(Records from a data source)
_ _ _ _

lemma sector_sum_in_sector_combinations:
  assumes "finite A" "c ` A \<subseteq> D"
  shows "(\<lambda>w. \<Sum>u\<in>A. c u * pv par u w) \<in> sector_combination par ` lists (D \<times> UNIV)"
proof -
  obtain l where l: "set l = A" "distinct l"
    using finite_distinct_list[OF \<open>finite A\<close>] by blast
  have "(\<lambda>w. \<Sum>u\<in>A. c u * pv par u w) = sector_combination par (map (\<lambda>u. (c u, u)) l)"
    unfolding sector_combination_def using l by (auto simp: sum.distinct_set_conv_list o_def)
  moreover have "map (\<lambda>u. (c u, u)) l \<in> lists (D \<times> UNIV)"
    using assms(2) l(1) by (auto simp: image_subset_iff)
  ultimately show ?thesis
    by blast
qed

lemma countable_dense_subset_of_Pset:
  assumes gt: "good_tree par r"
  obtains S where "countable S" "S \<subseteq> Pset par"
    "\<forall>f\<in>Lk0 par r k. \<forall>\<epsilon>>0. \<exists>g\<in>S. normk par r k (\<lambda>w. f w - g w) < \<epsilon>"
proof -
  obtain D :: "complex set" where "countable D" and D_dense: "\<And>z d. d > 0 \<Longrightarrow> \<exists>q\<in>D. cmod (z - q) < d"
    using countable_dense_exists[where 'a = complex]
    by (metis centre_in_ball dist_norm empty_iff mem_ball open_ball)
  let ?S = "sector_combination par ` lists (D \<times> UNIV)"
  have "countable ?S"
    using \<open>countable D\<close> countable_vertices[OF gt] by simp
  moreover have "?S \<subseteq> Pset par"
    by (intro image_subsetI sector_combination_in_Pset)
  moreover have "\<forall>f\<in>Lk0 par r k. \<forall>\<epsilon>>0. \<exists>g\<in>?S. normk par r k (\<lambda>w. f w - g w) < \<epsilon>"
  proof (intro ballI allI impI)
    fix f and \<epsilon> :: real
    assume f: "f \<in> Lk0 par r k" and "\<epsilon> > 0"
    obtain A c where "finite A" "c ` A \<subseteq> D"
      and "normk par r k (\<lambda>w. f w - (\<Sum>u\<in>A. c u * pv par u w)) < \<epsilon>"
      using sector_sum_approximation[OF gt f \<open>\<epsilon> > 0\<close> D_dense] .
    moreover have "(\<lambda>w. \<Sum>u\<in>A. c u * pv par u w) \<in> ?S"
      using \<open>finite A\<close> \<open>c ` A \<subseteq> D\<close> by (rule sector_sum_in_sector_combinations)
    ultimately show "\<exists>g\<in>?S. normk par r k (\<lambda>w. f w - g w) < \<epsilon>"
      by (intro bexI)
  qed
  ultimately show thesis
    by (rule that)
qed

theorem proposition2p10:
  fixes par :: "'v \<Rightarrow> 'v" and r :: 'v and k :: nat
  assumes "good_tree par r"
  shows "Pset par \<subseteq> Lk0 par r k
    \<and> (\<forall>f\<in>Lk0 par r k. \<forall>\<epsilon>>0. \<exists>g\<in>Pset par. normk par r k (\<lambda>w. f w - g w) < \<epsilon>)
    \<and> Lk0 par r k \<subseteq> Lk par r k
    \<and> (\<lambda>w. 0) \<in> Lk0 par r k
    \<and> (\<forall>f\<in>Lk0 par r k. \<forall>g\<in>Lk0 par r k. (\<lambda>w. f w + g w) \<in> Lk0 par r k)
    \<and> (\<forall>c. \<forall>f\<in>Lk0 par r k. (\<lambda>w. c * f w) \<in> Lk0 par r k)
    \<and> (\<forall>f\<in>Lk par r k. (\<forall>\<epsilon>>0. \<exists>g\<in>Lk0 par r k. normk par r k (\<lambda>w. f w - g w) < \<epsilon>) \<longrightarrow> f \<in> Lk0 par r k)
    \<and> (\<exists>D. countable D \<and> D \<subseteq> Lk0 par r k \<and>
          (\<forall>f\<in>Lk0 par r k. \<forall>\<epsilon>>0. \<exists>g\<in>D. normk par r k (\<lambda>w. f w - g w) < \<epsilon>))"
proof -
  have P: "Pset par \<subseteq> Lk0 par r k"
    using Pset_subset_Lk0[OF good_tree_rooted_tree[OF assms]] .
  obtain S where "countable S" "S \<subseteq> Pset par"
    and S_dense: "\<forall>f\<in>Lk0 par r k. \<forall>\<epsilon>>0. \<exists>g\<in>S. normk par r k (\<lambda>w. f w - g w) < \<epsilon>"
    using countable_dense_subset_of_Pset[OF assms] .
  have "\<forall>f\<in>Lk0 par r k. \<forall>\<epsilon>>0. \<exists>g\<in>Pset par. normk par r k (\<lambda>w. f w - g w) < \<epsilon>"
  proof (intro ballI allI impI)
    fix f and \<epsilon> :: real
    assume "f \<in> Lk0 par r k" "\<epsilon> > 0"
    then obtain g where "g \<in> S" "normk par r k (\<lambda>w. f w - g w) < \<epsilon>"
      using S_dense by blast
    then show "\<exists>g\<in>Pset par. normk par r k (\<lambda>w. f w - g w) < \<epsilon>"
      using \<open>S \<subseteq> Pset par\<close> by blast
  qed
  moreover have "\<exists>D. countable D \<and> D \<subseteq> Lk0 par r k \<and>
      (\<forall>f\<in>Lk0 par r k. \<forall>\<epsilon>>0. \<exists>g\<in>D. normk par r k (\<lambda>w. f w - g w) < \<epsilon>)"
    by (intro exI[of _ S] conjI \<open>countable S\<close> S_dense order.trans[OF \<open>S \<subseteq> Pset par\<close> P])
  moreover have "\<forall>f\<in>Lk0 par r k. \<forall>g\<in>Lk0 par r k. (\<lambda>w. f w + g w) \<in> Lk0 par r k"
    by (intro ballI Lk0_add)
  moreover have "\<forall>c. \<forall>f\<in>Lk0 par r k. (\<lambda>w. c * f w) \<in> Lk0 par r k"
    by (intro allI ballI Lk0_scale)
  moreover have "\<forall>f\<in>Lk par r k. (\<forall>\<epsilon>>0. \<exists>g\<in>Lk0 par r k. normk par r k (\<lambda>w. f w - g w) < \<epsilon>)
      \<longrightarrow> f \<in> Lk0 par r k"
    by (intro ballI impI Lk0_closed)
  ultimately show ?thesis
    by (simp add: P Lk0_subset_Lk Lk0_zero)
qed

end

_ _ _ _

● Exercise prompt: Each record must be printed again, word for word, with nothing dropped.

● Exercise answer:
lemma sector_sum_in_sector_combinations:
  assumes "finite A" "c ` A \<subseteq> D"
  shows "(\<lambda>w. \<Sum>u\<in>A. c u * pv par u w) \<in> sector_combination par ` lists (D \<times> UNIV)"
proof -
  obtain l where l: "set l = A" "distinct l"
    using finite_distinct_list[OF \<open>finite A\<close>] by blast
  have "(\<lambda>w. \<Sum>u\<in>A. c u * pv par u w) = sector_combination par (map (\<lambda>u. (c u, u)) l)"
    unfolding sector_combination_def using l by (auto simp: sum.distinct_set_conv_list o_def)
  moreover have "map (\<lambda>u. (c u, u)) l \<in> lists (D \<times> UNIV)"
    using assms(2) l(1) by (auto simp: image_subset_iff)
  ultimately show ?thesis
    by blast
qed

lemma countable_dense_subset_of_Pset:
  assumes gt: "good_tree par r"
  obtains S where "countable S" "S \<subseteq> Pset par"
    "\<forall>f\<in>Lk0 par r k. \<forall>\<epsilon>>0. \<exists>g\<in>S. normk par r k (\<lambda>w. f w - g w) < \<epsilon>"
proof -
  obtain D :: "complex set" where "countable D" and D_dense: "\<And>z d. d > 0 \<Longrightarrow> \<exists>q\<in>D. cmod (z - q) < d"
    using countable_dense_exists[where 'a = complex]
    by (metis centre_in_ball dist_norm empty_iff mem_ball open_ball)
  let ?S = "sector_combination par ` lists (D \<times> UNIV)"
  have "countable ?S"
    using \<open>countable D\<close> countable_vertices[OF gt] by simp
  moreover have "?S \<subseteq> Pset par"
    by (intro image_subsetI sector_combination_in_Pset)
  moreover have "\<forall>f\<in>Lk0 par r k. \<forall>\<epsilon>>0. \<exists>g\<in>?S. normk par r k (\<lambda>w. f w - g w) < \<epsilon>"
  proof (intro ballI allI impI)
    fix f and \<epsilon> :: real
    assume f: "f \<in> Lk0 par r k" and "\<epsilon> > 0"
    obtain A c where "finite A" "c ` A \<subseteq> D"
      and "normk par r k (\<lambda>w. f w - (\<Sum>u\<in>A. c u * pv par u w)) < \<epsilon>"
      using sector_sum_approximation[OF gt f \<open>\<epsilon> > 0\<close> D_dense] .
    moreover have "(\<lambda>w. \<Sum>u\<in>A. c u * pv par u w) \<in> ?S"
      using \<open>finite A\<close> \<open>c ` A \<subseteq> D\<close> by (rule sector_sum_in_sector_combinations)
    ultimately show "\<exists>g\<in>?S. normk par r k (\<lambda>w. f w - g w) < \<epsilon>"
      by (intro bexI)
  qed
  ultimately show thesis
    by (rule that)
qed

theorem proposition2p10:
  fixes par :: "'v \<Rightarrow> 'v" and r :: 'v and k :: nat
  assumes "good_tree par r"
  shows "Pset par \<subseteq> Lk0 par r k
    \<and> (\<forall>f\<in>Lk0 par r k. \<forall>\<epsilon>>0. \<exists>g\<in>Pset par. normk par r k (\<lambda>w. f w - g w) < \<epsilon>)
    \<and> Lk0 par r k \<subseteq> Lk par r k
    \<and> (\<lambda>w. 0) \<in> Lk0 par r k
    \<and> (\<forall>f\<in>Lk0 par r k. \<forall>g\<in>Lk0 par r k. (\<lambda>w. f w + g w) \<in> Lk0 par r k)
    \<and> (\<forall>c. \<forall>f\<in>Lk0 par r k. (\<lambda>w. c * f w) \<in> Lk0 par r k)
    \<and> (\<forall>f\<in>Lk par r k. (\<forall>\<epsilon>>0. \<exists>g\<in>Lk0 par r k. normk par r k (\<lambda>w. f w - g w) < \<epsilon>) \<longrightarrow> f \<in> Lk0 par r k)
    \<and> (\<exists>D. countable D \<and> D \<subseteq> Lk0 par r k \<and>
          (\<forall>f\<in>Lk0 par r k. \<forall>\<epsilon>>0. \<exists>g\<in>D. normk par r k (\<lambda>w. f w - g w) < \<epsilon>))"
proof -
  have P: "Pset par \<subseteq> Lk0 par r k"
    using Pset_subset_Lk0[OF good_tree_rooted_tree[OF assms]] .
  obtain S where "countable S" "S \<subseteq> Pset par"
    and S_dense: "\<forall>f\<in>Lk0 par r k. \<forall>\<epsilon>>0. \<exists>g\<in>S. normk par r k (\<lambda>w. f w - g w) < \<epsilon>"
    using countable_dense_subset_of_Pset[OF assms] .
  have "\<forall>f\<in>Lk0 par r k. \<forall>\<epsilon>>0. \<exists>g\<in>Pset par. normk par r k (\<lambda>w. f w - g w) < \<epsilon>"
  proof (intro ballI allI impI)
    fix f and \<epsilon> :: real
    assume "f \<in> Lk0 par r k" "\<epsilon> > 0"
    then obtain g where "g \<in> S" "normk par r k (\<lambda>w. f w - g w) < \<epsilon>"
      using S_dense by blast
    then show "\<exists>g\<in>Pset par. normk par r k (\<lambda>w. f w - g w) < \<epsilon>"
      using \<open>S \<subseteq> Pset par\<close> by blast
  qed
  moreover have "\<exists>D. countable D \<and> D \<subseteq> Lk0 par r k \<and>
      (\<forall>f\<in>Lk0 par r k. \<forall>\<epsilon>>0. \<exists>g\<in>D. normk par r k (\<lambda>w. f w - g w) < \<epsilon>)"
    by (intro exI[of _ S] conjI \<open>countable S\<close> S_dense order.trans[OF \<open>S \<subseteq> Pset par\<close> P])
  moreover have "\<forall>f\<in>Lk0 par r k. \<forall>g\<in>Lk0 par r k. (\<lambda>w. f w + g w) \<in> Lk0 par r k"
    by (intro ballI Lk0_add)
  moreover have "\<forall>c. \<forall>f\<in>Lk0 par r k. (\<lambda>w. c * f w) \<in> Lk0 par r k"
    by (intro allI ballI Lk0_scale)
  moreover have "\<forall>f\<in>Lk par r k. (\<forall>\<epsilon>>0. \<exists>g\<in>Lk0 par r k. normk par r k (\<lambda>w. f w - g w) < \<epsilon>)
      \<longrightarrow> f \<in> Lk0 par r k"
    by (intro ballI impI Lk0_closed)
  ultimately show ?thesis
    by (simp add: P Lk0_subset_Lk Lk0_zero)
qed

end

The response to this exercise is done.